We are concerned with an administrative policy of the Board based upon its construction of the act. Regardless of whether the employer in this case has standing to raise constitutional questions, I agree with the majority that they should be considered. In my view *Page 109 
there is another fundamental objection to the interpretation of the act adopted by the majority. Claimant in this case was held to have had good cause in refusing the referred employment at wages below the union scale because of the anticipated adverse effect of a union by-law to which he was subject. Under similar circumstances a non-union workman would be barred from compensation by his refusal to accept the referred work, otherwise suitable, on the ground that the wages offered were below the scale of his former employment. It is futile therefore to argue that the Board in administering the act — with the sanction of the majority — has not placed union members in one class and non-union workmen in another. Any such administrative classification under which a member of a union may refuse suitable referred employment (unless within specific exemptions of the act) but which a non-union workman is bound to accept, is unconstitutional in my opinion. It is unreasonable in that it creates a preference in favor of members of one group not generally applicable to all workmen.
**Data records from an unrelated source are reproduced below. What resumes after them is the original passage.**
(* Let $b,\sigma:\mathbb{R}^2\to\mathbb{R}$ be locally Lipschitz with $\sigma(x)\neq0$ for all $x$, and let $I^T_x$ and $\mathbb V$ be as in the context. Then: (i) for any $x,y\in\mathbb{R}^2$ and $T>0$ there exists $\psi\in C([0,T];\mathbb{R}^2)$ with $\psi(0)=x$, $\psi(T)=y$ and $I^T_x(\psi)<\infty$; consequently $\mathbb V(x,y)<\infty$ for all $x,y$; (ii) $\mathbb V$ is upper semicontinuous on $\mathbb{R}^2\times\mathbb{R}^2$: for every $(x,y)$, $\lim_{\delta\searrow0}\sup_{(\tilde x,\tilde y)\in B_\delta((x,y))\setminus\{(x,y)\}}\mathbb V(\tilde x,\tilde y)\le\mathbb V(x,y)$; in particular, if $e=(e_1,0)$ is an equilibrium of the deterministic system $\dot y_1=y_2$, $\dot y_2=b(y_1,y_2)$ (i.e. $b(e_1,0)=0$), then $\mathbb V$ is continuous at $(e,e)$; (iii) given $x_0,y_0\in\mathbb{R}^2$ and $\delta,\eta>0$ such that $\mathbb V(x,y_0)<\eta$ for all $x\in\overline B_\delta(x_0)$, there is $T_0\in(0,\infty)$ such that for every $x\in\overline B_\delta(x_0)$ there are $T^x\in(0,T_0]$ and $\psi^x\in C([0,T^x];\mathbb{R}^2)$ with $\psi^x(0)=x$, $\psi^x(T^x)=y_0$ and $I^{T^x}_x(\psi^x)<\eta$.
   Context: This concerns the stochastic second-order equation $\ddot X_\varepsilon=b(X_\varepsilon,\dot X_\varepsilon)+\sqrt\varepsilon\sigma(X_\varepsilon,\dot X_\varepsilon)\dot B$, i.e. the system $dY^1=Y^2dt$, $dY^2=b(Y^1,Y^2)dt+\sqrt\varepsilon\sigma(Y^1,Y^2)dB$ with scalar Brownian motion $B$. For $x\in\mathbb{R}^2$, $T>0$, and $\psi\in C([0,T];\mathbb{R}^2)$ define $I^T_x(\psi)=\frac12\int_0^T\Big|\frac{\varphi''(s)-b(\varphi(s),\varphi'(s))}{\sigma(\varphi(s),\varphi'(s))}\Big|^2ds$ if $\psi=(\varphi,\varphi')$ with $\varphi\in C^1$, $\varphi'$ absolutely continuous and $\psi(0)=x$, and $I^T_x(\psi)=+\infty$ otherwise. The quasipotential is $\mathbb V(x,y)=\inf\{I^T_x(\psi):\psi(0)=x,\psi(T)=y,T>0\}$. $B_\delta(z)$ is the open ball, $\overline B_\delta(z)$ the closed ball. *)

theory Defs
  imports "HOL-Analysis.Analysis"
begin

type_synonym R2 = "real \<times> real"

definition loc_lipschitz :: "('a::metric_space \<Rightarrow> 'b::metric_space) \<Rightarrow> bool" where
  "loc_lipschitz f \<longleftrightarrow> (\<forall>z. \<exists>r>0. \<exists>L. L-lipschitz_on (cball z r) f)"

definition abs_cont_on :: "(real \<Rightarrow> real) \<Rightarrow> real set \<Rightarrow> bool" where
  "abs_cont_on f S \<longleftrightarrow>
     (\<forall>\<epsilon>>0. \<exists>\<delta>>0. \<forall>(n::nat) (a::nat \<Rightarrow> real) (b::nat \<Rightarrow> real).
        (\<forall>i<n. a i \<in> S \<and> b i \<in> S \<and> a i \<le> b i \<and> {a i..b i} \<subseteq> S) \<longrightarrow>
        (\<forall>i<n. \<forall>j<n. i \<noteq> j \<longrightarrow> b i \<le> a j \<or> b j \<le> a i) \<longrightarrow>
        (\<Sum>i<n. b i - a i) < \<delta> \<longrightarrow> (\<Sum>i<n. \<bar>f (b i) - f (a i)\<bar>) < \<epsilon>)"
(* Let $r\in(0,1/2)$ and consider the asynchronous space-time-coded scheme described in the context. Assume the waveform $s$ is supported in $[0,2T_s]$, the relative delay is $\tau\in(0,T_s)$, and the linear-independence condition holds with $M=2$. Then $$d_{A\text{-}stc}(r):=\lim_{\mathrm{SNR}\to\infty}-\frac{\log\Pr[I_{A\text{-}stc}<R(\mathrm{SNR})]}{\log\mathrm{SNR}}=3(1-2r),$$ which is the same as the tradeoff of the synchronous space-time-coded scheme.
   Context: Network: a source $N_S$, two relays $N_{R_1},N_{R_2}$ and a destination $N_D$. The gains $\alpha_{i,j}$, $i\in\{S,R_1,R_2\}$, $j\in\{R_1,R_2,D\}$, $i\neq j$, are mutually independent zero-mean circularly symmetric complex Gaussian random variables with variances $\sigma^2_{i,j}>0$. For $\mathrm{SNR}>0$ set $\rho_0=\frac23\mathrm{SNR}$. The target rate is $R=R(\mathrm{SNR})=r\log_2(1+\mathrm{SNR}\,\sigma^2_{S,D})$ and all mutual informations are in bits. Relay $R_k$ belongs to the decoding set $\mathcal D(s)$ iff $\frac12\log_2(1+\rho_0|\alpha_{S,R_k}|^2)\ge R$. Waveform: $s$ is real-valued with $s(t)=0$ for $t\notin[0,MT_s]$ and $\int s^2=1$. Fix $\tau\in(0,T_s)$. - Let $S(t)=[s(t),s(t-\tau)]^T$, $G(k)=\int S(t)S(t-kT_s)^Tdt$, and $\tilde T(\omega)=\sum_{k\in\mathbb Z}G(k)e^{-jk\omega}$, with entries $\tilde T_{11}(\omega),\dots$. Note $\tilde T_{11}=\tilde T_{22}$. - Linear-independence condition: for every $\omega\in[-\pi,\pi]$, the functions $F_1(t,\omega)=\sum_{k=0}^M s(t+kT_s)e^{jk\omega}$ and $F_2(t,\omega)=\sum_{k=0}^M s(t-\tau+kT_s)e^{jk\omega}$ are linearly independent over $\mathbb C$ on $t\in[0,T_s]$. Mutual informations: - For a gain $\alpha$, $I_{E\text{-}SD}(\alpha)=\frac1{2\pi}\int_{-\pi}^{\pi}\log_2\left(1+\rho_0|\alpha|^2\tilde T_{11}(\omega)\right)d\omega$. - With $\alpha_1=\alpha_{R_1,D}$ and $\alpha_2=\alpha_{R_2,D}$, $$I_{E\text{-}MacA}=\frac1{2\pi}\int_{-\pi}^{\pi}\log_2\left(1+\rho_0(|\alpha_1|^2+|\alpha_2|^2)\tilde T_{11}(\omega)+\rho_0^2|\alpha_1|^2|\alpha_2|^2\det\tilde T(\omega)\right)d\omega.$$ The end-to-end mutual information $I_{A\text{-}stc}$ is: - $\frac12I_{E\text{-}SD}(\alpha_{S,D})$ if $\mathcal D(s)=\emptyset$; - $\frac12I_{E\text{-}SD}(\alpha_{S,D})+\frac12I_{E\text{-}SD}(\alpha_{R_j,D})$ if $\mathcal D(s)=\{R_j\}$; - $\frac12I_{E\text{-}SD}(\alpha_{S,D})+\frac12I_{E\text{-}MacA}$ if $|\mathcal D(s)|=2$. The probability $\Pr[I_{A\text{-}stc}<R]$ averages over the gains, including the randomness of $\mathcal D(s)$. *)

theory Defs
  imports "HOL-Probability.Probability"
begin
Finally, I should like to make it clear that I would readily concur in the result reached by the majority if the testimony were sufficient to support a finding that the wages offered this claimant were less favorable than those "prevailing for similar work in the locality". The act contemplates a give-and-take attitude in periods of unemployment, but, it certainly cannot be used as an instrument for depressing wages.
Instead of adhering to a defensible interpretation of what is suitable work, the Board, with the approval of the majority, has adopted a basis for its decision for which I can find no legal justification under the act. To that I must dissent. The ruling is of no great importance in the present transient phase of industrial readjustment; it is bound to become so in future periods of prolonged or general unemployment.